▶ _Required work_:
Word for word, repeat all of the entries.

▶ _The records_:
________________________________________

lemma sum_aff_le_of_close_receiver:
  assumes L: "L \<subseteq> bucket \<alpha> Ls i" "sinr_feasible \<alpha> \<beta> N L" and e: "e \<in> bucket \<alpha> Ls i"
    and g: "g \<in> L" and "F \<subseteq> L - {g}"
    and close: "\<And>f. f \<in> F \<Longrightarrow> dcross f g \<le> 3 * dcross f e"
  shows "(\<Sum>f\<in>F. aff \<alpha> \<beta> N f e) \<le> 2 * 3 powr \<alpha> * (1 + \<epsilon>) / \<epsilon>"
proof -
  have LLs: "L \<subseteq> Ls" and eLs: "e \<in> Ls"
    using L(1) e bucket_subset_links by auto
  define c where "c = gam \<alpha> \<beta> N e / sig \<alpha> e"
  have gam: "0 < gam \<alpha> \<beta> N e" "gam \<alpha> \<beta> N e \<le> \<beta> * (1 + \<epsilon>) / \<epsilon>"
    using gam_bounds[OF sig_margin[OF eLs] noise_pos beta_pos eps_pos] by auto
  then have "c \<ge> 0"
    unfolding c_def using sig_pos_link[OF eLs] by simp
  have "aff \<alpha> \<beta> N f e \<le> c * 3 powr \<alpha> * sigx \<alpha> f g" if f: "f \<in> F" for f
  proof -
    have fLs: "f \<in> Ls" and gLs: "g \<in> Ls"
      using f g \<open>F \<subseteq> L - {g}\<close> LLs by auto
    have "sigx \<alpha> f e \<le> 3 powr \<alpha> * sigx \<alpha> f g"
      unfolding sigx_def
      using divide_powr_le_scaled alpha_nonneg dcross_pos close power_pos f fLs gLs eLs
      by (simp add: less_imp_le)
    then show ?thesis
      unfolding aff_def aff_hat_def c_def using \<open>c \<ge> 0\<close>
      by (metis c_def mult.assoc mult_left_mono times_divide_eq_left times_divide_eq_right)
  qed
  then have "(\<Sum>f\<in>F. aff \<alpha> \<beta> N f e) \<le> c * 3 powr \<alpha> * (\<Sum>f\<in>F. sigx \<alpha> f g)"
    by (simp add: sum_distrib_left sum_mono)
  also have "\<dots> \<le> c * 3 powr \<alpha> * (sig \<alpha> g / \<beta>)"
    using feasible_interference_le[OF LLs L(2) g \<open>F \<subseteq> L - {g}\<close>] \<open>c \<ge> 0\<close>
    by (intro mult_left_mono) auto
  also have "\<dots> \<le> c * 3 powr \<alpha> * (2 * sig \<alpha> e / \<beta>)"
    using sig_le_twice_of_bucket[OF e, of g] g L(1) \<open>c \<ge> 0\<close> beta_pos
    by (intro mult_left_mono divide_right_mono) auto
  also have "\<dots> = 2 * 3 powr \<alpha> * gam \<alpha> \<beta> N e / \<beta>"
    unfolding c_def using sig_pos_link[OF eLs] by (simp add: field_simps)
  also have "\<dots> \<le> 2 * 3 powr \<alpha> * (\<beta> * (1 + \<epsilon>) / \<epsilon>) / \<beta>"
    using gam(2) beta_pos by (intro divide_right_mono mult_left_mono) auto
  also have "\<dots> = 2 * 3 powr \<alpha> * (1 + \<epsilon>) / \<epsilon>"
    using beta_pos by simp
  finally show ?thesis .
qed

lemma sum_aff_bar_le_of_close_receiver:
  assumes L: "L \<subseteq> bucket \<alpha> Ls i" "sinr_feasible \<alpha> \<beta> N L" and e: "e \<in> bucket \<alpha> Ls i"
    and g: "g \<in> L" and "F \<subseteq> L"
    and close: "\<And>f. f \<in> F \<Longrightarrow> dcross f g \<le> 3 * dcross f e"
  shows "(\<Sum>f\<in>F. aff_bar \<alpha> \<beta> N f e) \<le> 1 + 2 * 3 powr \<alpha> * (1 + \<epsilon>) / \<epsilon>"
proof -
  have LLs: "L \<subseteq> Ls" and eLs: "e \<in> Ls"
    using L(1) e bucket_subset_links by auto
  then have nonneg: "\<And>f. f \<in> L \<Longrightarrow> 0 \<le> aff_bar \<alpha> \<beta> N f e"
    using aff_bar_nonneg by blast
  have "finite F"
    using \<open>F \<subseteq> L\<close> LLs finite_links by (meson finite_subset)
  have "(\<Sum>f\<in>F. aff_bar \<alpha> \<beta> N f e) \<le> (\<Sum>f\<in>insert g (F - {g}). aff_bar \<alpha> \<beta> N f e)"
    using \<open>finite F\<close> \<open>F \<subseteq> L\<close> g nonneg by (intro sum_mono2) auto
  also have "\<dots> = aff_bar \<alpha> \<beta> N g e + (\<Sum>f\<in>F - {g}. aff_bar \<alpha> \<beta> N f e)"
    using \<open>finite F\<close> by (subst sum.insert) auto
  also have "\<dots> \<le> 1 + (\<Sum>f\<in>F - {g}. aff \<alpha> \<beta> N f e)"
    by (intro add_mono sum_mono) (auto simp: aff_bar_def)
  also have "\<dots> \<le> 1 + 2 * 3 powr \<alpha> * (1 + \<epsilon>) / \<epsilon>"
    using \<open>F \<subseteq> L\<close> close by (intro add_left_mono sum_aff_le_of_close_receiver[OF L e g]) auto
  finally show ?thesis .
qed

________________________________________

▶ _Task result_:
lemma sum_aff_le_of_close_receiver:
  assumes L: "L \<subseteq> bucket \<alpha> Ls i" "sinr_feasible \<alpha> \<beta> N L" and e: "e \<in> bucket \<alpha> Ls i"
    and g: "g \<in> L" and "F \<subseteq> L - {g}"
    and close: "\<And>f. f \<in> F \<Longrightarrow> dcross f g \<le> 3 * dcross f e"
  shows "(\<Sum>f\<in>F. aff \<alpha> \<beta> N f e) \<le> 2 * 3 powr \<alpha> * (1 + \<epsilon>) / \<epsilon>"
proof -
  have LLs: "L \<subseteq> Ls" and eLs: "e \<in> Ls"
    using L(1) e bucket_subset_links by auto
  define c where "c = gam \<alpha> \<beta> N e / sig \<alpha> e"
  have gam: "0 < gam \<alpha> \<beta> N e" "gam \<alpha> \<beta> N e \<le> \<beta> * (1 + \<epsilon>) / \<epsilon>"
    using gam_bounds[OF sig_margin[OF eLs] noise_pos beta_pos eps_pos] by auto
  then have "c \<ge> 0"
    unfolding c_def using sig_pos_link[OF eLs] by simp
  have "aff \<alpha> \<beta> N f e \<le> c * 3 powr \<alpha> * sigx \<alpha> f g" if f: "f \<in> F" for f
  proof -
    have fLs: "f \<in> Ls" and gLs: "g \<in> Ls"
      using f g \<open>F \<subseteq> L - {g}\<close> LLs by auto
    have "sigx \<alpha> f e \<le> 3 powr \<alpha> * sigx \<alpha> f g"
      unfolding sigx_def
      using divide_powr_le_scaled alpha_nonneg dcross_pos close power_pos f fLs gLs eLs
      by (simp add: less_imp_le)
    then show ?thesis
      unfolding aff_def aff_hat_def c_def using \<open>c \<ge> 0\<close>
      by (metis c_def mult.assoc mult_left_mono times_divide_eq_left times_divide_eq_right)
  qed
  then have "(\<Sum>f\<in>F. aff \<alpha> \<beta> N f e) \<le> c * 3 powr \<alpha> * (\<Sum>f\<in>F. sigx \<alpha> f g)"
    by (simp add: sum_distrib_left sum_mono)
  also have "\<dots> \<le> c * 3 powr \<alpha> * (sig \<alpha> g / \<beta>)"
    using feasible_interference_le[OF LLs L(2) g \<open>F \<subseteq> L - {g}\<close>] \<open>c \<ge> 0\<close>
    by (intro mult_left_mono) auto
  also have "\<dots> \<le> c * 3 powr \<alpha> * (2 * sig \<alpha> e / \<beta>)"
    using sig_le_twice_of_bucket[OF e, of g] g L(1) \<open>c \<ge> 0\<close> beta_pos
    by (intro mult_left_mono divide_right_mono) auto
  also have "\<dots> = 2 * 3 powr \<alpha> * gam \<alpha> \<beta> N e / \<beta>"
    unfolding c_def using sig_pos_link[OF eLs] by (simp add: field_simps)
  also have "\<dots> \<le> 2 * 3 powr \<alpha> * (\<beta> * (1 + \<epsilon>) / \<epsilon>) / \<beta>"
    using gam(2) beta_pos by (intro divide_right_mono mult_left_mono) auto
  also have "\<dots> = 2 * 3 powr \<alpha> * (1 + \<epsilon>) / \<epsilon>"
    using beta_pos by simp
  finally show ?thesis .
qed

lemma sum_aff_bar_le_of_close_receiver:
  assumes L: "L \<subseteq> bucket \<alpha> Ls i" "sinr_feasible \<alpha> \<beta> N L" and e: "e \<in> bucket \<alpha> Ls i"
    and g: "g \<in> L" and "F \<subseteq> L"
    and close: "\<And>f. f \<in> F \<Longrightarrow> dcross f g \<le> 3 * dcross f e"
  shows "(\<Sum>f\<in>F. aff_bar \<alpha> \<beta> N f e) \<le> 1 + 2 * 3 powr \<alpha> * (1 + \<epsilon>) / \<epsilon>"
proof -
  have LLs: "L \<subseteq> Ls" and eLs: "e \<in> Ls"
    using L(1) e bucket_subset_links by auto
  then have nonneg: "\<And>f. f \<in> L \<Longrightarrow> 0 \<le> aff_bar \<alpha> \<beta> N f e"
    using aff_bar_nonneg by blast
  have "finite F"
    using \<open>F \<subseteq> L\<close> LLs finite_links by (meson finite_subset)
  have "(\<Sum>f\<in>F. aff_bar \<alpha> \<beta> N f e) \<le> (\<Sum>f\<in>insert g (F - {g}). aff_bar \<alpha> \<beta> N f e)"
    using \<open>finite F\<close> \<open>F \<subseteq> L\<close> g nonneg by (intro sum_mono2) auto
  also have "\<dots> = aff_bar \<alpha> \<beta> N g e + (\<Sum>f\<in>F - {g}. aff_bar \<alpha> \<beta> N f e)"
    using \<open>finite F\<close> by (subst sum.insert) auto
  also have "\<dots> \<le> 1 + (\<Sum>f\<in>F - {g}. aff \<alpha> \<beta> N f e)"
    by (intro add_mono sum_mono) (auto simp: aff_bar_def)
  also have "\<dots> \<le> 1 + 2 * 3 powr \<alpha> * (1 + \<epsilon>) / \<epsilon>"
    using \<open>F \<subseteq> L\<close> close by (intro add_left_mono sum_aff_le_of_close_receiver[OF L e g]) auto
  finally show ?thesis .
qed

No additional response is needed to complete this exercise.